§ The task:
Go through the entries below and work out how many lines include "colored"; give only that number.

§ The records:
—————
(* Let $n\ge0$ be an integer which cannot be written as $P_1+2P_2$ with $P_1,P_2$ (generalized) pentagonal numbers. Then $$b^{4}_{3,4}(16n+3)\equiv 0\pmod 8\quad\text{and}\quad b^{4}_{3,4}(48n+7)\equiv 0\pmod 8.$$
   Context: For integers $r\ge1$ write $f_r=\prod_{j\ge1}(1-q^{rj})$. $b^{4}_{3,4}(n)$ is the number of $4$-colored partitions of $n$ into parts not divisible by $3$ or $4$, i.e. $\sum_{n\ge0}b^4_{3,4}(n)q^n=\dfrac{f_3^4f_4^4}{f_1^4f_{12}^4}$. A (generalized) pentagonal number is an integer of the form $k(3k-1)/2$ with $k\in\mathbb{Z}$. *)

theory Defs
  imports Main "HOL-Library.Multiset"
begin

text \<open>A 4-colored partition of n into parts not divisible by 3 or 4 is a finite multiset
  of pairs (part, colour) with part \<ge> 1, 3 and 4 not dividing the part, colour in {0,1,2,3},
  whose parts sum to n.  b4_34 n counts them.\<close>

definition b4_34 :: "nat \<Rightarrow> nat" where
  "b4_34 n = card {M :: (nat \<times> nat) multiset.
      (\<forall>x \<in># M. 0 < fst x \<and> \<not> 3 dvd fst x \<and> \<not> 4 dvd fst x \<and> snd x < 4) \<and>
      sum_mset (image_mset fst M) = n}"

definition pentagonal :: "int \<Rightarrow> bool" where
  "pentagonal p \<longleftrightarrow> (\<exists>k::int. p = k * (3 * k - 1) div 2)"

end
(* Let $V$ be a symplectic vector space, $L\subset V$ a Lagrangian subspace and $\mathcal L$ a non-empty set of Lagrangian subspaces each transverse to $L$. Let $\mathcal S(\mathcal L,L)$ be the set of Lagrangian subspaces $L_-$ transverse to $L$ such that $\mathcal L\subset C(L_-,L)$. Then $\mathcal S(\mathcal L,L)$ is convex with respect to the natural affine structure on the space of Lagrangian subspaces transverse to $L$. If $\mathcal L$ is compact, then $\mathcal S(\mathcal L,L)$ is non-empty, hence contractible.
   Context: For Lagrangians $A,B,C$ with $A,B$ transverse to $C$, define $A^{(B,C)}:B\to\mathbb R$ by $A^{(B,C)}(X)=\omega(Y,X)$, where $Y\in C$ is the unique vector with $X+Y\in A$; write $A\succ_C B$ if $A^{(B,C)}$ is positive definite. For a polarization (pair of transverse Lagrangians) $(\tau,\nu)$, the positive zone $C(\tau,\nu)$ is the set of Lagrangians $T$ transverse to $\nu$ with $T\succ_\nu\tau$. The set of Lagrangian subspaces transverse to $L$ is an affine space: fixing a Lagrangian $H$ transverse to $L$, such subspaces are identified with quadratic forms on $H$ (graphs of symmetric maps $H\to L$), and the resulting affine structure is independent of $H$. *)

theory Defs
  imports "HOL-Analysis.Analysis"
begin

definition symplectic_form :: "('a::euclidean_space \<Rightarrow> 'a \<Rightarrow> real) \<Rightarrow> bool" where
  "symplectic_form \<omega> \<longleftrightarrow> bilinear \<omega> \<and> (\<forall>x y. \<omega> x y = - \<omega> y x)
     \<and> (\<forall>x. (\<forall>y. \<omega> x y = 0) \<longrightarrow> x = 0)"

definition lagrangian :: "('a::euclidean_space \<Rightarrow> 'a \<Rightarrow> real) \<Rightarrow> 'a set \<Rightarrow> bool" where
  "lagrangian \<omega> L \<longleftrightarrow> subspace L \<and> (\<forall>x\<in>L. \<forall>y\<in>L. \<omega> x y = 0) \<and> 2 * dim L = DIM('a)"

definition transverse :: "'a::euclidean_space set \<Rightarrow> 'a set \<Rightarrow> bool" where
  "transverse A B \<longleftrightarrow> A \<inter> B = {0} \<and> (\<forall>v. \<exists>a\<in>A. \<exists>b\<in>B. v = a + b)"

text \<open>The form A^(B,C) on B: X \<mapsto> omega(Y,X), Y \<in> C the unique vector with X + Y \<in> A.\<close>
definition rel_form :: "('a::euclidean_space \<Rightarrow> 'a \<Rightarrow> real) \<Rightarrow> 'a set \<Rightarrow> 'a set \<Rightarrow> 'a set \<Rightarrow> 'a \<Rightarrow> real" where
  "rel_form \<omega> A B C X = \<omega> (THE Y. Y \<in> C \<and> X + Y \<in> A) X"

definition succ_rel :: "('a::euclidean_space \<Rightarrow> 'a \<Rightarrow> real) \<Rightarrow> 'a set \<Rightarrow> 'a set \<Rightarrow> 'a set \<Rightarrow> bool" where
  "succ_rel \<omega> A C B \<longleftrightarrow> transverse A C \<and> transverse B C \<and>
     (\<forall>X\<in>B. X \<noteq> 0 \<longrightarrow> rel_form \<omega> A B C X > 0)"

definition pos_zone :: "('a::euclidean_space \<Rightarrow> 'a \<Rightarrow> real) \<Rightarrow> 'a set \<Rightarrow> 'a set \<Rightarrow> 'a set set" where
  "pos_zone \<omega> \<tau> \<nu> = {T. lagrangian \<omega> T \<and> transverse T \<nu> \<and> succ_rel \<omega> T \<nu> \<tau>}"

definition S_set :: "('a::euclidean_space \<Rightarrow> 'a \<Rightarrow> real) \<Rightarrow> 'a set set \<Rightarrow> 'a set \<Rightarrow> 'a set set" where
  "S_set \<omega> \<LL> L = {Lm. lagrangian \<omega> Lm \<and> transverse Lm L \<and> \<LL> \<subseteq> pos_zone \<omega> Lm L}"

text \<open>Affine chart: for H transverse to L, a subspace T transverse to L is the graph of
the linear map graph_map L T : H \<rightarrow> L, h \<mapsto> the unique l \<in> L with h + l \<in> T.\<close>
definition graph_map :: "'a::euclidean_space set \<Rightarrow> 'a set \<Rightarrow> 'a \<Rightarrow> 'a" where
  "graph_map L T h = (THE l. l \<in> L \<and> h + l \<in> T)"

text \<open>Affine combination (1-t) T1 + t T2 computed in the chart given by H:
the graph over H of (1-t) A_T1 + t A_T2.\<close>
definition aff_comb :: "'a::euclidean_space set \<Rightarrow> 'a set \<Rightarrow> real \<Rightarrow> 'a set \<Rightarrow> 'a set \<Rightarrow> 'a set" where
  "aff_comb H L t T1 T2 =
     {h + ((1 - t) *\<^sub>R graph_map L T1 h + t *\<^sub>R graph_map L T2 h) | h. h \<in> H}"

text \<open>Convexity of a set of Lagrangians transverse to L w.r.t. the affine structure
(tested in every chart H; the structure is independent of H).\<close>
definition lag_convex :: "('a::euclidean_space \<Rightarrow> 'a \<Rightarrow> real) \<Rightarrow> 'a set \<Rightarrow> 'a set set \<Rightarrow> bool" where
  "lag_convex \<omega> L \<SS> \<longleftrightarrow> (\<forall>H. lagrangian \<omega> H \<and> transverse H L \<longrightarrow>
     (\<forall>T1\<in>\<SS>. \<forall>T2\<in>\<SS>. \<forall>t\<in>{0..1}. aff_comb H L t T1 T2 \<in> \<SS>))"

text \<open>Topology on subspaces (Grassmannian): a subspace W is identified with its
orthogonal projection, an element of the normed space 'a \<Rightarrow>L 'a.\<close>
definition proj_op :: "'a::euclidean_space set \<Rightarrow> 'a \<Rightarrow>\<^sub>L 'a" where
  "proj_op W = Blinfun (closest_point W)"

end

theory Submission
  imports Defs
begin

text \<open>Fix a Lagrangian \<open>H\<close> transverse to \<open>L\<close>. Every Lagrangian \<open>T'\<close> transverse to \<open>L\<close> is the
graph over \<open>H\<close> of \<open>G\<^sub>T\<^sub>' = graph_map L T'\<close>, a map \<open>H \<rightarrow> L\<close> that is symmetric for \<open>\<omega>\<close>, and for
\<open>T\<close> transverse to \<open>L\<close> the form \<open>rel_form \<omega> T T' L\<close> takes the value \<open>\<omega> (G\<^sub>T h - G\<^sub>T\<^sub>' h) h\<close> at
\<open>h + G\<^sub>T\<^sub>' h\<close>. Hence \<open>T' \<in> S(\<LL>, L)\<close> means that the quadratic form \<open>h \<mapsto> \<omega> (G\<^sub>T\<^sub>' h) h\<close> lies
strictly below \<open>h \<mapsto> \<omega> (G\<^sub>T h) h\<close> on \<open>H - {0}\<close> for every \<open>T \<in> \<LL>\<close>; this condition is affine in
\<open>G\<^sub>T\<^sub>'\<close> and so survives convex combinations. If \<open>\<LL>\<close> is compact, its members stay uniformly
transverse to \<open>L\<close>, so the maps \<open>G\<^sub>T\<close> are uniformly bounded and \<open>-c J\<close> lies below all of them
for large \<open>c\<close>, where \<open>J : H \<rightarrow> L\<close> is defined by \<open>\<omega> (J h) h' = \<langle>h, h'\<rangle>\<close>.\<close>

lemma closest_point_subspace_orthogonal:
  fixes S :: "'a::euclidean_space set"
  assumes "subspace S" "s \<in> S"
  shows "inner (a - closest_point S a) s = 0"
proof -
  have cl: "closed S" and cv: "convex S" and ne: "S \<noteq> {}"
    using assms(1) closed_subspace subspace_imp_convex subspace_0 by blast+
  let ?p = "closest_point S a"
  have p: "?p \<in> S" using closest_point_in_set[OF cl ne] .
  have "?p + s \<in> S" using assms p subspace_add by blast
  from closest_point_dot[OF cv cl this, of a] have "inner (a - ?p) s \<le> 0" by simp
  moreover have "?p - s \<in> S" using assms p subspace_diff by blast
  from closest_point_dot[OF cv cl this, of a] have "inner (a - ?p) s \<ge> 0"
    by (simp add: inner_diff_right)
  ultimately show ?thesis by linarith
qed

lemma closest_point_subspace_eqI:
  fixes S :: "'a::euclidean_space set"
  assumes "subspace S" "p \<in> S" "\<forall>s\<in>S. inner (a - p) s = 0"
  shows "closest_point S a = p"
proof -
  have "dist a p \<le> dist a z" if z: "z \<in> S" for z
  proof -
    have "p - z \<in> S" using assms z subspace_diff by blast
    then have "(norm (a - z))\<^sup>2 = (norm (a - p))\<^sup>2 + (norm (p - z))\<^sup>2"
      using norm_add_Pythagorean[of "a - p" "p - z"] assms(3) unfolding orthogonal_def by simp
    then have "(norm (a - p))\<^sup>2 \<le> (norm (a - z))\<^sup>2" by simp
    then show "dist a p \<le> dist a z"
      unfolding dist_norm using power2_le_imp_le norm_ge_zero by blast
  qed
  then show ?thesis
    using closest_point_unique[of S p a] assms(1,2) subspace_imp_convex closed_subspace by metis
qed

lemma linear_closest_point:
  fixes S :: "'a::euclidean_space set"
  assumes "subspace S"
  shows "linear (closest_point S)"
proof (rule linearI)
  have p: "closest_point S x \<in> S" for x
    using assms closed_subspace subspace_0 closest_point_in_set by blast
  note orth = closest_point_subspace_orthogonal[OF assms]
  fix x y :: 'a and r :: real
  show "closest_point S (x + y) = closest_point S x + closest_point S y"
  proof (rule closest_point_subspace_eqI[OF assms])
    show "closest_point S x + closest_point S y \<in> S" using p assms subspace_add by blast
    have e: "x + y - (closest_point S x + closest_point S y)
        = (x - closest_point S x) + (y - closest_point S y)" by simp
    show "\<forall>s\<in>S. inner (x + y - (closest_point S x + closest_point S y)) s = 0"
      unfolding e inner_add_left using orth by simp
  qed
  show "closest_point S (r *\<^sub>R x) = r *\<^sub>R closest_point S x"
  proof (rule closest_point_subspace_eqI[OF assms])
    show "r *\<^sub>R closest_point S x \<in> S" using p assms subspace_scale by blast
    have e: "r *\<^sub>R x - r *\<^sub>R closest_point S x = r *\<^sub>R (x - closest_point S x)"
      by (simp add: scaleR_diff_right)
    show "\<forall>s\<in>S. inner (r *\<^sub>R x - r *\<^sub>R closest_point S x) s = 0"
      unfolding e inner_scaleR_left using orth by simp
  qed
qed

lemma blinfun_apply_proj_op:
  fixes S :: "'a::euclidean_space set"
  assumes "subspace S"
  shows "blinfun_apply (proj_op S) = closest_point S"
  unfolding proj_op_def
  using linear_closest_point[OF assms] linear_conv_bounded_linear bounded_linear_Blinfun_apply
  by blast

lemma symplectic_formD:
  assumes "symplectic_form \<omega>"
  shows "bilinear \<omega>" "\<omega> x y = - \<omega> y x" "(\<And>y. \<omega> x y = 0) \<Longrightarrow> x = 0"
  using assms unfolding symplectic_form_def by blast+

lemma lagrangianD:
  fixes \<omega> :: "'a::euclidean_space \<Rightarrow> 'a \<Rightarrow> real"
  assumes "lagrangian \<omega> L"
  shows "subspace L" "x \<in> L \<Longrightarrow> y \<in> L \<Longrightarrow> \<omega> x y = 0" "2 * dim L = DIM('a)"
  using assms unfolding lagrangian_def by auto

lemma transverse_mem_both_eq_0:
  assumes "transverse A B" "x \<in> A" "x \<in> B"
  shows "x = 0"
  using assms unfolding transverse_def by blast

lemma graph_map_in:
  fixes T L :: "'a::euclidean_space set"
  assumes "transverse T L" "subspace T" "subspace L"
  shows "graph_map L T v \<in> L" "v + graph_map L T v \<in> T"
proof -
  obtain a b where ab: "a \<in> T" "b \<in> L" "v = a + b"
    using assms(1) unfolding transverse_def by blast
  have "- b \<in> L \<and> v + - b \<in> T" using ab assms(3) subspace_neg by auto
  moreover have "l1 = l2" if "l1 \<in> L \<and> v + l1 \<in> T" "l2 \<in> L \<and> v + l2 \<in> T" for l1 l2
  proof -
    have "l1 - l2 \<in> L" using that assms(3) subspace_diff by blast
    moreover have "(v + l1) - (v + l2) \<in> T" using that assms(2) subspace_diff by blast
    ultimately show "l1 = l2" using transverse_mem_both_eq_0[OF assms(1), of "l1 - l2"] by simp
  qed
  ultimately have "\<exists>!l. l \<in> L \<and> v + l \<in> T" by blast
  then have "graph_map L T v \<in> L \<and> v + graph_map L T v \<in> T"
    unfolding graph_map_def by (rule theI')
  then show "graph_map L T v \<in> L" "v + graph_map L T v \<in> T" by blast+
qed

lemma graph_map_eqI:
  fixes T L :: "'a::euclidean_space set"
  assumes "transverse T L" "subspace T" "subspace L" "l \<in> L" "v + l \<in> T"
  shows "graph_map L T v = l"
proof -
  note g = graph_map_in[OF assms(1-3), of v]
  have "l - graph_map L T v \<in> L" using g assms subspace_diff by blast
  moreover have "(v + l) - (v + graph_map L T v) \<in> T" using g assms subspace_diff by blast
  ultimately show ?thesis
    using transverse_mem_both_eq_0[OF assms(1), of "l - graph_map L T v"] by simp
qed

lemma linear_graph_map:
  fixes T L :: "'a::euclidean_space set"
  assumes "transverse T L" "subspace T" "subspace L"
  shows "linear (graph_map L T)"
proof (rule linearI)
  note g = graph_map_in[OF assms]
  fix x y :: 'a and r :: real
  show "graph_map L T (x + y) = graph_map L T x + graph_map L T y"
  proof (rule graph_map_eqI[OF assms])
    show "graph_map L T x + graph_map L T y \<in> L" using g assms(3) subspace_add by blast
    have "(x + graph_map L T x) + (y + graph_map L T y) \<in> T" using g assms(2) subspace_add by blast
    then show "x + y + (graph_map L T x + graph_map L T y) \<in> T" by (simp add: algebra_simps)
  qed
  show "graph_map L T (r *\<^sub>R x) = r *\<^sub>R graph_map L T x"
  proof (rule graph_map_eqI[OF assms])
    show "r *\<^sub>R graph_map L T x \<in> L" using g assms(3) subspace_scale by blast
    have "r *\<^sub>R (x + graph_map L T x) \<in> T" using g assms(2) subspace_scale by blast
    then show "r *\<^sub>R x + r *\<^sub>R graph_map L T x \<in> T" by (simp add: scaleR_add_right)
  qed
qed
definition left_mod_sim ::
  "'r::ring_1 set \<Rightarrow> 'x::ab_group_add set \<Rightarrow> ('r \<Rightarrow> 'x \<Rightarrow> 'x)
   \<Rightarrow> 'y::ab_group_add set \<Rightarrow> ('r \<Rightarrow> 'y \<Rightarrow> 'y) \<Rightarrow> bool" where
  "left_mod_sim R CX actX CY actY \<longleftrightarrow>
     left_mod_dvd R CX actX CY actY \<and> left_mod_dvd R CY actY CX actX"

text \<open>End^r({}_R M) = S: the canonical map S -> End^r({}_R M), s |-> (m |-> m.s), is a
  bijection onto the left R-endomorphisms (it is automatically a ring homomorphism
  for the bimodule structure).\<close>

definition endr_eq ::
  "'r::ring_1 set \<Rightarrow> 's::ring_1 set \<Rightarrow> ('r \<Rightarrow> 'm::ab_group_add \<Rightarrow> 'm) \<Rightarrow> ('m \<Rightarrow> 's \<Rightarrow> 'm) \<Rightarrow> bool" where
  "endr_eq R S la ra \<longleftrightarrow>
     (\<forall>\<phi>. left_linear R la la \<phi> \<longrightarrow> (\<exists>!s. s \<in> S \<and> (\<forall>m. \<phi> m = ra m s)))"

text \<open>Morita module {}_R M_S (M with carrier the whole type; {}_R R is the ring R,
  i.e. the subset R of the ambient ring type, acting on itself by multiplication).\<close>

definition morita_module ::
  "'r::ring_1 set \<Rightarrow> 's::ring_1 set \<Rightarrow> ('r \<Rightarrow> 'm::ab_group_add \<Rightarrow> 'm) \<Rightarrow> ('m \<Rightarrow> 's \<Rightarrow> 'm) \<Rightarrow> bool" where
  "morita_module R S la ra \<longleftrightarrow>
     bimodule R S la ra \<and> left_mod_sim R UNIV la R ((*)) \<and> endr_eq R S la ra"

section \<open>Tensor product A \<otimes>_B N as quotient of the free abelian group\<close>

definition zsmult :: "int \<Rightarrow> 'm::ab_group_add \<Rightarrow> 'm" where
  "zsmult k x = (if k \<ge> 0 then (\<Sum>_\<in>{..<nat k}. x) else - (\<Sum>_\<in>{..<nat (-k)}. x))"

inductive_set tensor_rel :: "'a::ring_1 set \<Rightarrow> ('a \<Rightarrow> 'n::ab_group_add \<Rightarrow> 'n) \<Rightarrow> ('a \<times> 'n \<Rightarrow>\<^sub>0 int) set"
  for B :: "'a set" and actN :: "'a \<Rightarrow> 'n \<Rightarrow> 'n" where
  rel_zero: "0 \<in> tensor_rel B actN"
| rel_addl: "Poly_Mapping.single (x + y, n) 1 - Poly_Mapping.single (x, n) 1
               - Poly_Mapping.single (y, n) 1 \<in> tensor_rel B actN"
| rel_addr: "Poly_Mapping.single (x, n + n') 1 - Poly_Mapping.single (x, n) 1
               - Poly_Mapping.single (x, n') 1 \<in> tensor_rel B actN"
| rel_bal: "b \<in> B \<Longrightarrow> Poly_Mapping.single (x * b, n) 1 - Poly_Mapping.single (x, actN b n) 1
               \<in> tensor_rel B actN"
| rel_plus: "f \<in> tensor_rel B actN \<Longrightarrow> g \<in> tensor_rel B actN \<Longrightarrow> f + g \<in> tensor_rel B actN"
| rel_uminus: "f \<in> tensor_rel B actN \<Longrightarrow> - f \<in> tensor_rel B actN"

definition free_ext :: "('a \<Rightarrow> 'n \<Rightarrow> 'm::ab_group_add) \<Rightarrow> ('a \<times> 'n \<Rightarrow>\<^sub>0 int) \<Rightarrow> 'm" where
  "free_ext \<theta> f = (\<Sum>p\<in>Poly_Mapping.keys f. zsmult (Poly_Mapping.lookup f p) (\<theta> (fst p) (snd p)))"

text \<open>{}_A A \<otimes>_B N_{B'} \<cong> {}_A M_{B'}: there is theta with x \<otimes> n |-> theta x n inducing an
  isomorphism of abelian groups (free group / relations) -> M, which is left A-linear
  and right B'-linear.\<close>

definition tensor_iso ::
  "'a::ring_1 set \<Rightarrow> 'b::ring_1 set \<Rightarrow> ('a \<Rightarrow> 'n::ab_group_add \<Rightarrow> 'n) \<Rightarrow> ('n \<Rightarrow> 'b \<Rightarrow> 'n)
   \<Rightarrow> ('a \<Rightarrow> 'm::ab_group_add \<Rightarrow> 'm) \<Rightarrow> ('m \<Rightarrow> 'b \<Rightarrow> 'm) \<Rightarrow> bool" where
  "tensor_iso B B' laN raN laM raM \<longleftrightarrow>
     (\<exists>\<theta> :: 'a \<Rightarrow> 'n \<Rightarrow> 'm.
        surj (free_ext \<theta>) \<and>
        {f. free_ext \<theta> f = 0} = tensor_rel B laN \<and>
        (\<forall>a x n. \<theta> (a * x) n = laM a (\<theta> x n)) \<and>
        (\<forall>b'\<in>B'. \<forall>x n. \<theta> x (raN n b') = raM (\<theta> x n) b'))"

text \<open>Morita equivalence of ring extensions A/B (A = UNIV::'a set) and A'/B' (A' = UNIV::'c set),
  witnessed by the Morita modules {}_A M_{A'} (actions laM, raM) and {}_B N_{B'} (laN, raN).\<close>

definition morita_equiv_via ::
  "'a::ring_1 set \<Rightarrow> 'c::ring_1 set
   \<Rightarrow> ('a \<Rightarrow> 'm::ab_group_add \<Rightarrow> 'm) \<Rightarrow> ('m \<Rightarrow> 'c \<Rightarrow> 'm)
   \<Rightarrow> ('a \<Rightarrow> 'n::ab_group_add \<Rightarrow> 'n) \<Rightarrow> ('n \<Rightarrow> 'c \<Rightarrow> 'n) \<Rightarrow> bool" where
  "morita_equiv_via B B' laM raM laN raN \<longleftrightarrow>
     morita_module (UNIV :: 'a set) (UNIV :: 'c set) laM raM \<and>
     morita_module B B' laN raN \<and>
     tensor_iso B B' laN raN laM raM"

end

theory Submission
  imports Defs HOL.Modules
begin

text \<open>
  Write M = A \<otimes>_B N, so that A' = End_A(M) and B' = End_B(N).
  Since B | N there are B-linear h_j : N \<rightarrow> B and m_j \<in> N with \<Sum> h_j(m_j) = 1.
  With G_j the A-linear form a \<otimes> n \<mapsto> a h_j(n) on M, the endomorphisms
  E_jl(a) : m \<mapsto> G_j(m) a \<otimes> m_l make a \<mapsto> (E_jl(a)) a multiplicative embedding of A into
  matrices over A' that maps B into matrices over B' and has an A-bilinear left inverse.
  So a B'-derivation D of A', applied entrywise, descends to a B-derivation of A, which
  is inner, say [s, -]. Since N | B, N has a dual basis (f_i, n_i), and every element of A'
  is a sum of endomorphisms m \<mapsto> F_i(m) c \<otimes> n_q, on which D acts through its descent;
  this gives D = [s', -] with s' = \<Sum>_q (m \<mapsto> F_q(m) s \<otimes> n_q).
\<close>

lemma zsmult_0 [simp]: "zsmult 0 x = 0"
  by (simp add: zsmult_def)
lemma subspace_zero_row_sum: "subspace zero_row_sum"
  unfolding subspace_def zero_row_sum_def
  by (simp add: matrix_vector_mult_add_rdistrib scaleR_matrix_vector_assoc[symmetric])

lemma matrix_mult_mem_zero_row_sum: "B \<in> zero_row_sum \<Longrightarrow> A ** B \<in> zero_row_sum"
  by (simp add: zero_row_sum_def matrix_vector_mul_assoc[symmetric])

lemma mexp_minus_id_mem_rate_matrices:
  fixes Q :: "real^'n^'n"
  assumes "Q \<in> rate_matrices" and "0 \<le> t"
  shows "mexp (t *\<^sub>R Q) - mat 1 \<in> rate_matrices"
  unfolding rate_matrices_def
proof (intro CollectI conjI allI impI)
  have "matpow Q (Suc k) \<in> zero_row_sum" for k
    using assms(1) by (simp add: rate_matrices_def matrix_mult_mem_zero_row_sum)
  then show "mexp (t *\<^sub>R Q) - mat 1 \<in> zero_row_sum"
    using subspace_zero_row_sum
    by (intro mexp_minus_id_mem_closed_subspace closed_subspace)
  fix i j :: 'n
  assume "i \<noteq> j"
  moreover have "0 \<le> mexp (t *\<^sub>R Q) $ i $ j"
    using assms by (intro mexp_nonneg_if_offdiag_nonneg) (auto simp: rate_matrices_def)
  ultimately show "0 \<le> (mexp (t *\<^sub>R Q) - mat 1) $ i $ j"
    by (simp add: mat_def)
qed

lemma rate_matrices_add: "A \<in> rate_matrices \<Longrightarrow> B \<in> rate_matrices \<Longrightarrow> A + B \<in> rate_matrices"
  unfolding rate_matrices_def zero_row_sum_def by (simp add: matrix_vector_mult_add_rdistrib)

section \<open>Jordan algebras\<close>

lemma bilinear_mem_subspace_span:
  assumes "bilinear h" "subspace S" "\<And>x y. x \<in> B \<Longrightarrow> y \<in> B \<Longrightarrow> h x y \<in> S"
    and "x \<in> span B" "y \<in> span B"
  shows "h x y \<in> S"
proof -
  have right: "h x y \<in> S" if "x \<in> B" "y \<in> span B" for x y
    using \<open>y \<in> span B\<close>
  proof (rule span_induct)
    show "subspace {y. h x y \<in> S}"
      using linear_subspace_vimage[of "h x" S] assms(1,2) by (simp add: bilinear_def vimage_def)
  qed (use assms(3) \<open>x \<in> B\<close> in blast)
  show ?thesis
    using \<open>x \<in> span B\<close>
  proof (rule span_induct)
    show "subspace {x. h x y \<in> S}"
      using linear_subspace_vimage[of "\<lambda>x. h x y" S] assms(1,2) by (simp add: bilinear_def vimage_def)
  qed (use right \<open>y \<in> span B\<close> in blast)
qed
—————
§ Answer to this exercise:
2